Potrebbe sembrare velleitario parlare dell'articolo 32 della Costituzione dopo il dibattito sul testamento biologico: per il legislatore l'individuo nella sua complessità va sempre protetto, anche da se stesso, anche se non vuole; lo Stato lo fa in alcuni casi con il medico, in altri con le forze dell'ordine, in altri con entrambi. E' lo Stato etico. Una scommessa: ripartiamo dai matti per riportare il Paese alla normalità?
Qui il comunicato online
http://blog.donatellaporetti.it/?p=620

Invia commento comment Commenti (1 inviato)

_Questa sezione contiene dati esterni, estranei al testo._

lemma child_chain_exists:
  "par x \<noteq> None \<Longrightarrow> \<exists>P. child_chain A par (x # P) \<and> walk (forest_arcs par) (x # P) \<and>
     distinct (x # P) \<and> set (x # P) = tree_verts par x"
proof (induction x rule: wf_induct[OF wf_converse_forest_arcs])
  case (1 x)
  then obtain u where u: "par x = Some u" by blast
  show ?case
  proof (cases "children par x = {}")
    case True
    then show ?thesis
      using tree_verts_unfold[of par x] by (intro exI[of _ "[]"]) (simp add: min_child_def)
  next
    case False
    then obtain c where "children par x = {c}"
      using nonroot_at_most_one_child[OF u] by blast
    then have c: "par c = Some x" "min_child A par x = Some c"
        "tree_verts par x = insert x (tree_verts par c)"
      using min_child_singleton tree_verts_unfold[of par x] by (auto simp: children_def)
    then have "(c, x) \<in> (forest_arcs par)\<inverse>"
      by (simp add: forest_arcs_def)
    with "1.IH" c obtain P where P: "child_chain A par (c # P)" "walk (forest_arcs par) (c # P)"
        "distinct (c # P)" "set (c # P) = tree_verts par c"
      by blast
    show ?thesis
      using P c parent_notin_tree_verts[OF c(1)]
      by (intro exI[of _ "c # P"]) (simp add: forest_arcs_def)
  qed
qed

lemma ham_path_subtree_merge:
  assumes "v < n" and "a1 \<noteq> b1" and children: "children par v = {a1, b1}"
  shows "\<exists>xs. ham_path (tree_verts par v)
           ({(u, w) \<in> forest_arcs par. w \<in> tree_verts par v} \<union> subtree_merge n A par a1 b1) xs"
proof -
  let ?T = "tree_verts par v"
  from children have pa: "par a1 = Some v" and pb: "par b1 = Some v"
    by (auto simp: children_def)
  obtain Pa where Pa: "child_chain A par (a1 # Pa)" "walk (forest_arcs par) (a1 # Pa)"
      "distinct (a1 # Pa)" "set (a1 # Pa) = tree_verts par a1"
    using child_chain_exists pa by blast
  obtain Pb where Pb: "child_chain A par (b1 # Pb)" "walk (forest_arcs par) (b1 # Pb)"
      "distinct (b1 # Pb)" "set (b1 # Pb) = tree_verts par b1"
    using child_chain_exists pb by blast
  define M where "M = merge_by A (a1 # Pa) (b1 # Pb)"
  have M: "set M = tree_verts par a1 \<union> tree_verts par b1"
      "length M = length (a1 # Pa) + length (b1 # Pb)" "hd M \<in> {a1, b1}"
    using Pa(4) Pb(4) hd_merge_by[of A a1 Pa b1 Pb] unfolding M_def by (simp_all del: merge_by.simps)
  have verts: "set (v # M) = ?T"
    using tree_verts_unfold[of par v] children M(1) by simp
  have "distinct M"
    unfolding M_def using Pa(3,4) Pb(3,4) tree_verts_siblings_disjoint[OF pa pb \<open>a1 \<noteq> b1\<close>]
    by (intro distinct_merge_by) auto
  with M(1) parent_notin_tree_verts[OF pa] parent_notin_tree_verts[OF pb]
  have distinct: "distinct (v # M)"
    by simp
  have "length (v # M) \<le> n"
    using distinct_card[OF distinct] verts
      card_mono[OF finite_atLeastLessThan tree_verts_subset[OF \<open>v < n\<close>]]
    by simp
  with M(2) have len: "length (a1 # Pa) + length (b1 # Pb) \<le> n"
    by simp
  have "walk (forest_arcs par \<union> subtree_merge n A par a1 b1) M"
    using walk_merge_by_merge_arcs[OF Pa(1) Pb(1) len Pa(2) Pb(2)]
    unfolding subtree_merge_def M_def hd_option.simps .
  moreover have "(v, hd M) \<in> forest_arcs par"
    using M(3) pa pb by (auto simp: forest_arcs_def)
  ultimately have "walk (forest_arcs par \<union> subtree_merge n A par a1 b1) (v # M)"
    by (simp add: successively_Cons)
  then have "walk ({(u, w) \<in> forest_arcs par. w \<in> ?T} \<union> subtree_merge n A par a1 b1) (v # M)"
    by (rule successively_mono) (use verts in auto)
  with distinct verts show ?thesis
    unfolding ham_path_iff_walk by blast
qed

end

theorem theorem9:
  fixes A :: "nat \<Rightarrow> real" and n :: nat and L :: "nat list" and v a1 b1 :: nat
  assumes "inj_on A {0..<n}"
    and "distinct L" and "set L = {0..<n}"
    and "v < n" and "dfs_parent A n L v = None"
    and "a1 \<noteq> b1" and "children (dfs_parent A n L) v = {a1, b1}"
  shows "\<exists>xs. ham_path (tree_verts (dfs_parent A n L) v)
           ({(u, w) \<in> forest_arcs (dfs_parent A n L). w \<in> tree_verts (dfs_parent A n L) v}
              \<union> subtree_merge n A (dfs_parent A n L) a1 b1) xs"
  using ham_path_subtree_merge[OF ra_arc_dfs_parent assms(4,6,7)] .

end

  • Inviato in data Il Valido Invalido, 14 Maggio, 2009 22:17:29
    Io sono schizzofrenico. Noi matti abbiamo i nostri problemi oltre a quelli che avete voi sani ed oltre a queste due categorie di problematiche da affrontare anche i problemi che ci create voi "sani" (passa il tempo e più mi accorgo che tanto sani non siete perché neanche voi siete equilibrati nè tantomeno sereni). E' più pericoloso un malato di mente o una persona disonesta? Le statistiche dicono che in percentuale i malati di mente commettono gli stessi reati dei "sani" (veramente noi matti ne commettiamo di meno e ne commetteremmo ancora di meno se chi delinque poi non faccia finta di avere problemi) Non ho paura di chi parla da solo.... piuttosto mi guardo bene dalle persone con auto lussuosa, abiti di buona fattura o da bellissime donne in gioielleria. Di fronte ad un matto il problema non è "che male può farmi" ma "che male posso fare io a lui". Io lotto contro le voci spesso.... così come uno zoppo deve faticare per camminare (e magari anche lui ha chi goliardicamente dimostra la sua "simpatia da sano di mente") io mi reputo uno che "barcolla ma non molla". E penso anche che così come chi ha il diabete deve rispettare la legge anche lo psicotico deve rispettare la legge. Per la mia esperienza ritengo che i manicomi non siano utili. A mio avviso per risolvere il problema sarebbe il caso... cioè, insomma... magari.... si potrebbe forse addirittura... sì, lo sò che è un discorso disordinato ed "una pazzia" ma.... e se si applicassero le leggi? (e questo non vale solo per il problema matti). Qui sta arrivando l'estate... seguite il consiglio di un matto.... quella parte di cervello che vi è rimasta sana... usatela per apprezzare questa bella stagione. Cordialmente. Il Valido Invalido.